CVE-2023-6924
Description
The Photo Gallery by 10Web plugin for WordPress is vulnerable to Stored Cross-Site Scripting via widgets in versions up to, and including, 1.8.18 due to insufficient input sanitization and output escaping on user supplied attributes. This makes it possible for authenticated attackers with administrator-level and above permissions to inject arbitrary web scripts in pages that will execute whenever a user accesses an injected page. It can also be exploited with a contributor-level permission with a page builder plugin.
AI Insight
LLM-synthesized narrative grounded in this CVE's description and references.
Stored XSS in Photo Gallery by 10Web plugin up to 1.8.18 allows authenticated attackers with administrator-level permissions to inject arbitrary web scripts via widget attributes.
Vulnerability
The Photo Gallery by 10Web plugin for WordPress versions up to and including 1.8.18 contains a stored cross-site scripting (XSS) vulnerability in its widget functionality. The plugin's widgets (WidgetSlideshow.php, Widget.php, WidgetTags.php) accept user-supplied attributes such as width, height, and other parameters without proper input sanitization or output escaping [2][3][4]. This allows authenticated users to inject arbitrary HTML and JavaScript into the widget output, which is then stored and executed when a page containing the widget is viewed.
Exploitation
An attacker must have an account with administrator-level permissions on the WordPress site to access the widget settings and inject malicious payloads. The official description also notes that a contributor-level user can exploit this vulnerability if a page builder plugin is used to provide widget attribute controls. The attacker would craft a malicious value (e.g., a JavaScript event handler) for a widget attribute, save the widget, and the injected script will execute for any user visiting the page where the widget is displayed. No additional user interaction is required beyond the initial save.
Impact
Successful exploitation leads to stored cross-site scripting. Attacker-supplied scripts execute in the context of the victim's browser, potentially allowing session cookie theft, redirection to malicious sites, defacement, or other actions that the compromised WordPress user could perform. The issue affects any page that includes the affected widget, and the stored script persists until the widget is edited or removed.
Mitigation
The vulnerability is fixed in version 1.8.19 of the Photo Gallery plugin. Users should update to 1.8.19 or later, which includes proper input sanitization and output escaping for widget attributes [1]. Plugin administrators can check for updates in the WordPress admin dashboard or download the latest version from the WordPress plugin repository. There are no known workarounds for earlier versions; updating is the recommended mitigation.
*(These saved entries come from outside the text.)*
lemma card_of_Kset_antichain_le:
  assumes k0: "Cinfinite k0" and A: "A \<subseteq> Kset k0 k1"
    and antichain: "\<forall>p\<in>A. \<forall>q\<in>A. p \<noteq> q \<longrightarrow> \<not> (\<exists>s\<in>Kset k0 k1. Kle k0 p s \<and> Kle k0 q s)"
  shows "|A| \<le>o |Pow (Field k0)|"
proof -
  interpret trace_reflection A fst Krestrict k0 "|Pow (Field k0)|"
    using trace_reflection_Kset[OF k0 A] .
  obtain M where M: "|M| \<le>o |Pow (Field k0)|"
    and reflects: "\<forall>q\<in>A. \<exists>p\<in>A. fst p \<subseteq> M \<and> Krestrict p (fst q \<inter> M) = Krestrict q (fst q \<inter> M)"
    using reflecting_set_exists by blast
  have "fst q \<subseteq> M" if q: "q \<in> A" for q
  proof -
    obtain p where p: "p \<in> A" "fst p \<subseteq> M" "Krestrict p (fst q \<inter> M) = Krestrict q (fst q \<inter> M)"
      using reflects q by blast
    then have "\<exists>s\<in>Kset k0 k1. Kle k0 p s \<and> Kle k0 q s"
      using Kset_compatible[OF k0] A q by blast
    then show ?thesis using antichain p q by metis
  qed
  then have "A \<subseteq> {q \<in> Kset k0 k1. fst q \<subseteq> M}" using A by blast
  then show ?thesis
    by (rule ordLeq_transitive[OF card_of_mono1 card_of_Kset_supported_le[OF k0 M]])
qed

theorem lemma5:
  fixes del :: "'a rel" and lam :: "'b rel"
  assumes "Card_order del" "Cinfinite del" "regularCard del"
    and "Card_order lam" "Cinfinite lam" "regularCard lam"
    and "del <o lam"
    and "cardSuc del <o lam"
    and "inaccessible del"
    and "inaccessible lam \<or>
         (\<exists>mu :: 'b rel. Card_order mu \<and> Cinfinite mu \<and> cof_gt mu del \<and> lam =o cardSuc mu)"
    and "|Pow (Field del)| =o cardSuc del"
  shows "chain_condition (Kset del lam) (Kle del) (cardSuc (cardSuc del))"
  unfolding chain_condition_def
proof (intro allI impI, elim conjE)
  fix A assume "A \<subseteq> Kset del lam"
    and "\<forall>p\<in>A. \<forall>q\<in>A. p \<noteq> q \<longrightarrow> \<not> (\<exists>s\<in>Kset del lam. Kle del p s \<and> Kle del q s)"
  then have "|A| \<le>o |Pow (Field del)|" by (rule card_of_Kset_antichain_le[OF assms(2)])
  also have "|Pow (Field del)| <o cardSuc (cardSuc del)"
    using assms(11) cardSuc_greater[OF cardSuc_Card_order[OF assms(1)]] by (rule ordIso_ordLess_trans)
  finally show "|A| <o cardSuc (cardSuc del)" .
qed

end
(* For the pullback along the section, compatibility with the group action holds only up to
   the semi-invariant: it uses that f factors through the contraction map. *)
lemma SI_pullback_expand:
  fixes f :: "('a \<Rightarrow> 'k::field_char_0 mat) \<Rightarrow> 'k"
  assumes f: "f \<in> SI V A tA hA \<beta> \<sigma>"
  shows "pullback (Rep (A - {b}) tA hA' \<beta>) expand f \<in> SI (V - {v0}) (A - {b}) tA hA' \<beta> \<sigma>"
proof (rule SI_pullback[where T = expand, OF f quiver_contracted expand_Rep expand_coords_poly])
  fix g' :: "'v \<Rightarrow> 'k mat" and W :: "'a \<Rightarrow> 'k mat" assume g': "g' \<in> GL (V - {v0}) \<beta>"
    and W: "W \<in> Rep (A - {b}) tA hA' \<beta>"
  define g where "g = g'(v0 := 1\<^sub>m (\<beta> v0))"
  have g: "g \<in> GL V \<beta>" and g_restrict: "g(v0 := 1\<^sub>m 0) = g'"
    using GL_extend_v0[OF g'] unfolding g_def by simp_all
  have "weight_char V \<sigma> g = weight_char (V - {v0}) \<sigma> g'"
    by (rule weight_char_drop_v0[symmetric]) (simp add: g_def)
  moreover have "f (expand (gl_act (A - {b}) tA hA' g' W)) = f (gl_act A tA hA g (expand W))"
  proof -
    have gX: "gl_act A tA hA g (expand W) \<in> Rep A tA hA \<beta>"
      using gl_act_Rep[OF quiver g expand_Rep[OF W]] .
    have "contract (gl_act A tA hA g (expand W)) = gl_act (A - {b}) tA hA' g' W"
      using contract_equivariant[OF g expand_Rep[OF W]] contract_expand[OF W] g_restrict by simp
    then show ?thesis using SI_expand_contract[OF f gX] by simp
  qed
  ultimately show "\<exists>g\<in>GL V \<beta>. weight_char V \<sigma> g = weight_char (V - {v0}) \<sigma> g' \<and>
      f (expand (gl_act (A - {b}) tA hA' g' W)) = f (gl_act A tA hA g (expand W))"
    using g by (intro bexI[of _ g] conjI)
qed

theorem lin_iso_contraction:
  "lin_iso (SI V A tA hA \<beta> \<sigma> :: (('a \<Rightarrow> 'k::field_char_0 mat) \<Rightarrow> 'k) set)
           (SI (V - {v0}) (A - {b}) tA hA' \<beta> \<sigma>)"
proof (rule lin_iso_pullbacks[OF SI_pullback_expand SI_pullback_contract])
  fix f :: "('a \<Rightarrow> 'k mat) \<Rightarrow> 'k" assume f: "f \<in> SI V A tA hA \<beta> \<sigma>"
  show "pullback (Rep A tA hA \<beta>) contract (pullback (Rep (A - {b}) tA hA' \<beta>) expand f) = f"
  proof
    fix W
    show "pullback (Rep A tA hA \<beta>) contract (pullback (Rep (A - {b}) tA hA' \<beta>) expand f) W = f W"
      using contract_Rep[of W] SI_expand_contract[OF f, of W] SI_vanishes[OF f, of W]
      by (simp add: pullback_def)
  qed
next
  fix F :: "('a \<Rightarrow> 'k mat) \<Rightarrow> 'k" assume F: "F \<in> SI (V - {v0}) (A - {b}) tA hA' \<beta> \<sigma>"
  show "pullback (Rep (A - {b}) tA hA' \<beta>) expand (pullback (Rep A tA hA \<beta>) contract F) = F"
  proof
    fix W
    show "pullback (Rep (A - {b}) tA hA' \<beta>) expand (pullback (Rep A tA hA \<beta>) contract F) W = F W"
      using expand_Rep[of W] contract_expand[of W] SI_vanishes[OF F, of W] by (simp add: pullback_def)
  qed
qed


end

(* Acyclicity is only used to exclude loops, in particular a loop b at v0. *)
lemma no_loop: "no_oriented_cycles A tA hA \<Longrightarrow> a \<in> A \<Longrightarrow> tA a \<noteq> hA a"
  unfolding no_oriented_cycles_def by blast

(* Lemma 4.6. The first case is the contraction theorem; the second is the contraction theorem
   for the opposite quiver and character -sigma, transported back by duality on both sides. *)
theorem lemma4p6:
  fixes V :: "'v set" and A :: "'a set" and tA hA :: "'a \<Rightarrow> 'v"
    and \<beta> :: "'v \<Rightarrow> nat" and \<sigma> :: "'v \<Rightarrow> int" and v0 :: 'v and b :: 'a
  assumes k: "alg_closed_char0 TYPE('k::field_char_0)"
    and Q: "quiver V A tA hA"
    and acyc: "no_oriented_cycles A tA hA"
    and v0: "v0 \<in> V" and b: "b \<in> A"
    and sigma0: "\<sigma> v0 = 0"
  shows
    "(tA b = v0 \<and> {a \<in> A. tA a = v0} = {b} \<and> \<beta> v0 \<ge> \<beta> (hA b) \<longrightarrow>
        lin_iso (SI V A tA hA \<beta> \<sigma> :: (('a \<Rightarrow> 'k mat) \<Rightarrow> 'k) set)
                (SI (V - {v0}) (A - {b}) tA (\<lambda>a. if hA a = v0 then hA b else hA a) \<beta> \<sigma>
                   :: (('a \<Rightarrow> 'k mat) \<Rightarrow> 'k) set))
   \<and> (hA b = v0 \<and> {a \<in> A. hA a = v0} = {b} \<and> \<beta> v0 \<ge> \<beta> (tA b) \<longrightarrow>
        lin_iso (SI V A tA hA \<beta> \<sigma> :: (('a \<Rightarrow> 'k mat) \<Rightarrow> 'k) set)
                (SI (V - {v0}) (A - {b}) (\<lambda>a. if tA a = v0 then tA b else tA a) hA \<beta> \<sigma>
                   :: (('a \<Rightarrow> 'k mat) \<Rightarrow> 'k) set))"
proof (intro conjI impI)
  assume "tA b = v0 \<and> {a \<in> A. tA a = v0} = {b} \<and> \<beta> v0 \<ge> \<beta> (hA b)"
  then interpret vertex_contraction V A tA hA \<beta> \<sigma> v0 b
    using Q v0 b sigma0 no_loop[OF acyc b] by unfold_locales auto
  show "lin_iso (SI V A tA hA \<beta> \<sigma> :: (('a \<Rightarrow> 'k mat) \<Rightarrow> 'k) set)
      (SI (V - {v0}) (A - {b}) tA (\<lambda>a. if hA a = v0 then hA b else hA a) \<beta> \<sigma>)"
    by (rule lin_iso_contraction)
next
  assume "hA b = v0 \<and> {a \<in> A. hA a = v0} = {b} \<and> \<beta> v0 \<ge> \<beta> (tA b)"
  then interpret op: vertex_contraction V A hA tA \<beta> "-\<sigma>" v0 b
    using Q v0 b sigma0 no_loop[OF acyc b] by unfold_locales (auto simp: quiver_def)
  have "lin_iso (SI V A tA hA \<beta> \<sigma> :: (('a \<Rightarrow> 'k mat) \<Rightarrow> 'k) set) (SI V A hA tA \<beta> (-\<sigma>))"
    by (rule lin_iso_opposite[OF Q])
  also have "lin_iso \<dots> (SI (V - {v0}) (A - {b}) hA (\<lambda>a. if tA a = v0 then tA b else tA a) \<beta> (-\<sigma>))"
    by (rule op.lin_iso_contraction)
  also have "lin_iso \<dots> (SI (V - {v0}) (A - {b}) (\<lambda>a. if tA a = v0 then tA b else tA a) hA \<beta> \<sigma>)"
    using lin_iso_opposite[OF op.quiver_contracted, of \<beta> "-\<sigma>"] by (simp add: fun_Compl_def)
  finally show "lin_iso (SI V A tA hA \<beta> \<sigma> :: (('a \<Rightarrow> 'k mat) \<Rightarrow> 'k) set)
      (SI (V - {v0}) (A - {b}) (\<lambda>a. if tA a = v0 then tA b else tA a) hA \<beta> \<sigma>)" .
qed

end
- Photo Gallery by 10Web – Mobile-Friendly Image Gallery
- https://plugins.trac.wordpress.org/browser/photo-gallery/tags/1.8.18/admin/views/WidgetSlideshow.php#L64
- https://plugins.trac.wordpress.org/browser/photo-gallery/tags/1.8.18/admin/views/Widget.php#L94
- https://plugins.trac.wordpress.org/browser/photo-gallery/tags/1.8.18/admin/views/WidgetTags.php#L58
AI Insight generated on May 23, 2026. Synthesized from this CVE's description and the cited reference URLs; citations are validated against the source bundle.
Affected products
1- Range: <=1.8.18
Patches
1r3013021Vulnerability mechanics
AI mechanics synthesis has not run for this CVE yet.
References
5- plugins.trac.wordpress.org/changeset/3013021/photo-gallerynvdPatch
- www.wordfence.com/threat-intel/vulnerabilities/id/21b4d1a1-55fe-4241-820c-203991d724c4nvdThird Party Advisory
- plugins.trac.wordpress.org/browser/photo-gallery/tags/1.8.18/admin/views/Widget.phpnvdIssue Tracking
- plugins.trac.wordpress.org/browser/photo-gallery/tags/1.8.18/admin/views/WidgetSlideshow.phpnvdIssue Tracking
- plugins.trac.wordpress.org/browser/photo-gallery/tags/1.8.18/admin/views/WidgetTags.phpnvdIssue Tracking
News mentions
0No linked articles in our index yet.